*Record extracts*.
(* Let $r=r(n)\ge3$ be an integer with $r=o(n^{1/2})$, and let $m=m(n)$ be a nonnegative integer. Let $t$ and $\alpha$ be integers with $t=O(1)$ and $0\le\alpha\le rt$. If $H$ is chosen uniformly at random from $\mathcal{H}_r(n,m)$, then the expected number of sets of $t$ edges of $H$ whose union has at most $rt-\alpha$ vertices is $O\bigl(t^\alpha r^{2\alpha}m^tn^{-\alpha}\bigr)$ as $n\to\infty$.
   Context: $\mathcal{H}_r(n,m)$ is the set of all $r$-uniform hypergraphs on vertex set $[n]$ with exactly $m$ edges (each edge an $r$-subset of $[n]$). *)

theory Defs
  imports Main "HOL-Library.Landau_Symbols"
begin

definition hypergraphs :: "nat \<Rightarrow> nat \<Rightarrow> nat \<Rightarrow> nat set set set" where
  "hypergraphs r n m =
     {E. E \<subseteq> {e. e \<subseteq> {1..n} \<and> card e = r} \<and> card E = m}"

definition small_union_count :: "nat set set \<Rightarrow> nat \<Rightarrow> nat \<Rightarrow> nat" where
  "small_union_count H t k = card {S. S \<subseteq> H \<and> card S = t \<and> card (\<Union>S) \<le> k}"

definition uniform_expectation :: "nat \<Rightarrow> nat \<Rightarrow> nat \<Rightarrow> (nat set set \<Rightarrow> real) \<Rightarrow> real" where
  "uniform_expectation r n m f =
     (\<Sum>H\<in>hypergraphs r n m. f H) / real (card (hypergraphs r n m))"

end

theory Submission
  imports Defs Complex_Main
begin

(* Linearity of expectation bounds the expectation by the number of t-sets of r-subsets of [n]
   whose union has at most rt - alpha vertices, times (m/N)^t with N = (n choose r): a fixed
   t-set of edges lies in a uniform m-edge hypergraph with probability at most (m/N)^t.
   Such t-sets are counted through ordered sequences, each weighted by z^(rt - |union|) with
   z = n/(r^2 t).  Adding an edge e to a current vertex set V multiplies the weight by
   z^|V \<inter> e|, and the sum of z^|V \<inter> e| over all r-sets e is at most exp(1) N as long as
   z r |V| \<le> n.  Hence there are at most (exp(1) N)^t z^(-alpha) sequences, which gives the bound
   exp(t) m^t (r^2 t / n)^alpha; the hypotheses r = o(sqrt n), t = O(1) make r^2 t \<le> n eventually. *)

definition k_subsets :: "'a set \<Rightarrow> nat \<Rightarrow> 'a set set" where
  "k_subsets X k = {E. E \<subseteq> X \<and> card E = k}"

lemma finite_k_subsets: "finite X \<Longrightarrow> finite (k_subsets X k)"
  unfolding k_subsets_def by (rule finite_subset[of _ "Pow X"]) auto

lemma card_k_subsets: "finite X \<Longrightarrow> card (k_subsets X k) = card X choose k"
  unfolding k_subsets_def by (rule n_subsets)

lemma finite_of_mem_k_subsets: "finite X \<Longrightarrow> E \<in> k_subsets X k \<Longrightarrow> finite E"
  unfolding k_subsets_def by (auto intro: finite_subset)

lemma card_of_mem_k_subsets: "E \<in> k_subsets X k \<Longrightarrow> card E = k"
  unfolding k_subsets_def by simp

lemma hypergraphs_eq_k_subsets: "hypergraphs r n m = k_subsets (k_subsets {1..n} r) m"
  unfolding hypergraphs_def k_subsets_def ..

lemma small_union_count_eq:
  "small_union_count H t k = card {S \<in> k_subsets H t. card (\<Union>S) \<le> k}"
  unfolding small_union_count_def k_subsets_def by (simp add: conj_assoc)

lemma binomial_diff_le_power_ratio:
  assumes "a \<le> k" "k \<le> M"
  shows "real ((M - a) choose (k - a)) \<le> (real k / real M) ^ a * real (M choose k)"
  using assms
proof (induction a arbitrary: M k)
  case 0
  then show ?case by simp
next
  case (Suc a)
  then obtain M' k' where M: "M = Suc M'" and k: "k = Suc k'" and le: "a \<le> k'" "k' \<le> M'"
    by (metis Suc_le_D Suc_le_mono le_trans)
  have ratio_mono: "real k' / real M' \<le> real k / real M"
    using le by (cases "M' = 0") (auto simp: M k divide_simps algebra_simps)
  have absorption: "real (M' choose k') = real k / real M * real (M choose k)"
    using Suc_times_binomial[of k' M'] unfolding M k by (simp add: field_simps flip: of_nat_mult)
  have "real ((M - Suc a) choose (k - Suc a)) = real ((M' - a) choose (k' - a))"
    by (simp add: M k)
  also have "\<dots> \<le> (real k' / real M') ^ a * real (M' choose k')"
    using Suc.IH le by blast
  also have "\<dots> \<le> (real k / real M) ^ a * real (M' choose k')"
    using ratio_mono by (intro mult_right_mono power_mono) auto
  finally show ?case
    by (simp add: absorption mult_ac)
qed

lemma card_k_subsets_supset_le:
  assumes X: "finite X" and k: "k \<le> card X" and A: "finite A"
  shows "real (card {E \<in> k_subsets X k. A \<subseteq> E})
           \<le> (real k / real (card X)) ^ card A * real (card X choose k)"
proof (cases "A \<subseteq> X \<and> card A \<le> k")
  case True
  have "card {E \<in> k_subsets X k. A \<subseteq> E} \<le> card (k_subsets (X - A) (k - card A))"
  proof (rule card_inj_on_le[where f = "\<lambda>E. E - A"])
    show "inj_on (\<lambda>E. E - A) {E \<in> k_subsets X k. A \<subseteq> E}"
      by (rule inj_onI) blast
    show "(\<lambda>E. E - A) ` {E \<in> k_subsets X k. A \<subseteq> E} \<subseteq> k_subsets (X - A) (k - card A)"
      using A by (auto simp: k_subsets_def card_Diff_subset)
  qed (use X in \<open>simp add: finite_k_subsets\<close>)
  also have "\<dots> = (card X - card A) choose (k - card A)"
    using X True by (simp add: card_k_subsets card_Diff_subset A)
  finally have "real (card {E \<in> k_subsets X k. A \<subseteq> E}) \<le> real ((card X - card A) choose (k - card A))"
    by (simp only: of_nat_le_iff)
  also have "\<dots> \<le> (real k / real (card X)) ^ card A * real (card X choose k)"
    using binomial_diff_le_power_ratio[of "card A" k "card X"] True k by blast
  finally show ?thesis .
next
  case False
  then have "{E \<in> k_subsets X k. A \<subseteq> E} = {}"
    using X by (auto simp: k_subsets_def dest: card_mono[OF finite_subset])
  then show ?thesis by (simp only: card.empty) simp
qed

lemma sum_Pow_power_card:
  fixes y :: "'b :: comm_semiring_1"
  shows "finite B \<Longrightarrow> (\<Sum>A\<in>Pow B. y ^ card A) = (y + 1) ^ card B"
  using prod_add[of B "\<lambda>_. y" "\<lambda>_. 1"] by simp

lemma sum_k_subsets_power_card_Int_le:
  fixes z :: real
  assumes X: "finite X" and r: "r \<le> card X" and V: "finite V" and z: "z \<ge> 1"
    and small: "z * real r * real (card V) \<le> real (card X)"
  shows "(\<Sum>e\<in>k_subsets X r. z ^ card (V \<inter> e)) \<le> exp 1 * real (card X choose r)"
proof -
  define p where "p = real r / real (card X)"
  define N where "N = real (card X choose r)"
  have "z * p * real (card V) = z * real r * real (card V) / real (card X)"
    by (simp add: p_def)
  then have p: "p \<ge> 0" "z * p * real (card V) \<le> 1"
    using small by (auto simp: p_def divide_le_eq_1)
  \<comment> \<open>expand \<open>z ^ card (V \<inter> e)\<close> binomially and count the \<open>r\<close>-sets containing each \<open>A \<subseteq> V\<close>\<close>
  have Pow_Int: "Pow (V \<inter> e) = {A \<in> Pow V. A \<subseteq> e}" for e
    by auto
  have expand: "z ^ card (V \<inter> e) = (\<Sum>A\<in>{A \<in> Pow V. A \<subseteq> e}. (z - 1) ^ card A)" for e
    using sum_Pow_power_card[of "V \<inter> e" "z - 1"] V unfolding Pow_Int by simp
  have "(\<Sum>e\<in>k_subsets X r. z ^ card (V \<inter> e))
      = (\<Sum>e\<in>k_subsets X r. \<Sum>A\<in>{A \<in> Pow V. A \<subseteq> e}. (z - 1) ^ card A)"
    by (simp only: expand)
  also have "\<dots> = (\<Sum>A\<in>Pow V. real (card {e \<in> k_subsets X r. A \<subseteq> e}) * (z - 1) ^ card A)"
    using X V by (subst sum.swap_restrict) (simp_all add: finite_k_subsets)
  also have "\<dots> \<le> (\<Sum>A\<in>Pow V. p ^ card A * N * (z - 1) ^ card A)"
  proof (rule sum_mono)
    fix A assume "A \<in> Pow V"
    then have "finite A" using V finite_subset by auto
    then show "real (card {e \<in> k_subsets X r. A \<subseteq> e}) * (z - 1) ^ card A \<le> p ^ card A * N * (z - 1) ^ card A"
      using card_k_subsets_supset_le[OF X r] z unfolding p_def N_def
      by (intro mult_right_mono) auto
  qed
  also have "\<dots> = N * (\<Sum>A\<in>Pow V. ((z - 1) * p) ^ card A)"
    by (simp add: sum_distrib_left power_mult_distrib mult_ac)
  also have "\<dots> = N * (1 + (z - 1) * p) ^ card V"
    using sum_Pow_power_card[OF V, of "(z - 1) * p"] by (simp add: add.commute)
  also have "\<dots> \<le> N * exp ((z - 1) * p) ^ card V"
    using z p unfolding N_def by (intro mult_left_mono power_mono) auto
  also have "\<dots> = N * exp (real (card V) * ((z - 1) * p))"
    by (simp add: exp_of_nat_mult)
  also have "\<dots> \<le> N * exp 1"
  proof -
    have "real (card V) * ((z - 1) * p) = z * p * real (card V) - p * real (card V)"
      by (simp add: algebra_simps)
    also have "\<dots> \<le> 1"
      using p mult_nonneg_nonneg[OF p(1) of_nat_0_le_iff[of "card V"]] by linarith
    finally show ?thesis
      unfolding N_def by (intro mult_left_mono) auto
  qed
  finally show ?thesis
    by (simp add: N_def mult.commute)
qed

lemma card_Union_set_le:
  assumes "\<forall>e\<in>set es. finite e \<and> card e \<le> r"
  shows "card (\<Union>(set es)) \<le> r * length es"
  using assms
proof (induction es)
  case (Cons e es)
  have "card (e \<union> \<Union>(set es)) \<le> card e + card (\<Union>(set es))"
    by (rule card_Un_le)
  with Cons show ?case by simp
qed simp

*Exercise directions*.
Please output the lines of the listing above that fall in the stretch from the one with "t-set of edges" through the one with "z r |V| \<le>", exactly and only those.

*Completed exercise*.
   t-set of edges lies in a uniform m-edge hypergraph with probability at most (m/N)^t.
   Such t-sets are counted through ordered sequences, each weighted by z^(rt - |union|) with
   z = n/(r^2 t).  Adding an edge e to a current vertex set V multiplies the weight by
   z^|V \<inter> e|, and the sum of z^|V \<inter> e| over all r-sets e is at most exp(1) N as long as
   z r |V| \<le> n.  Hence there are at most (exp(1) N)^t z^(-alpha) sequences, which gives the bound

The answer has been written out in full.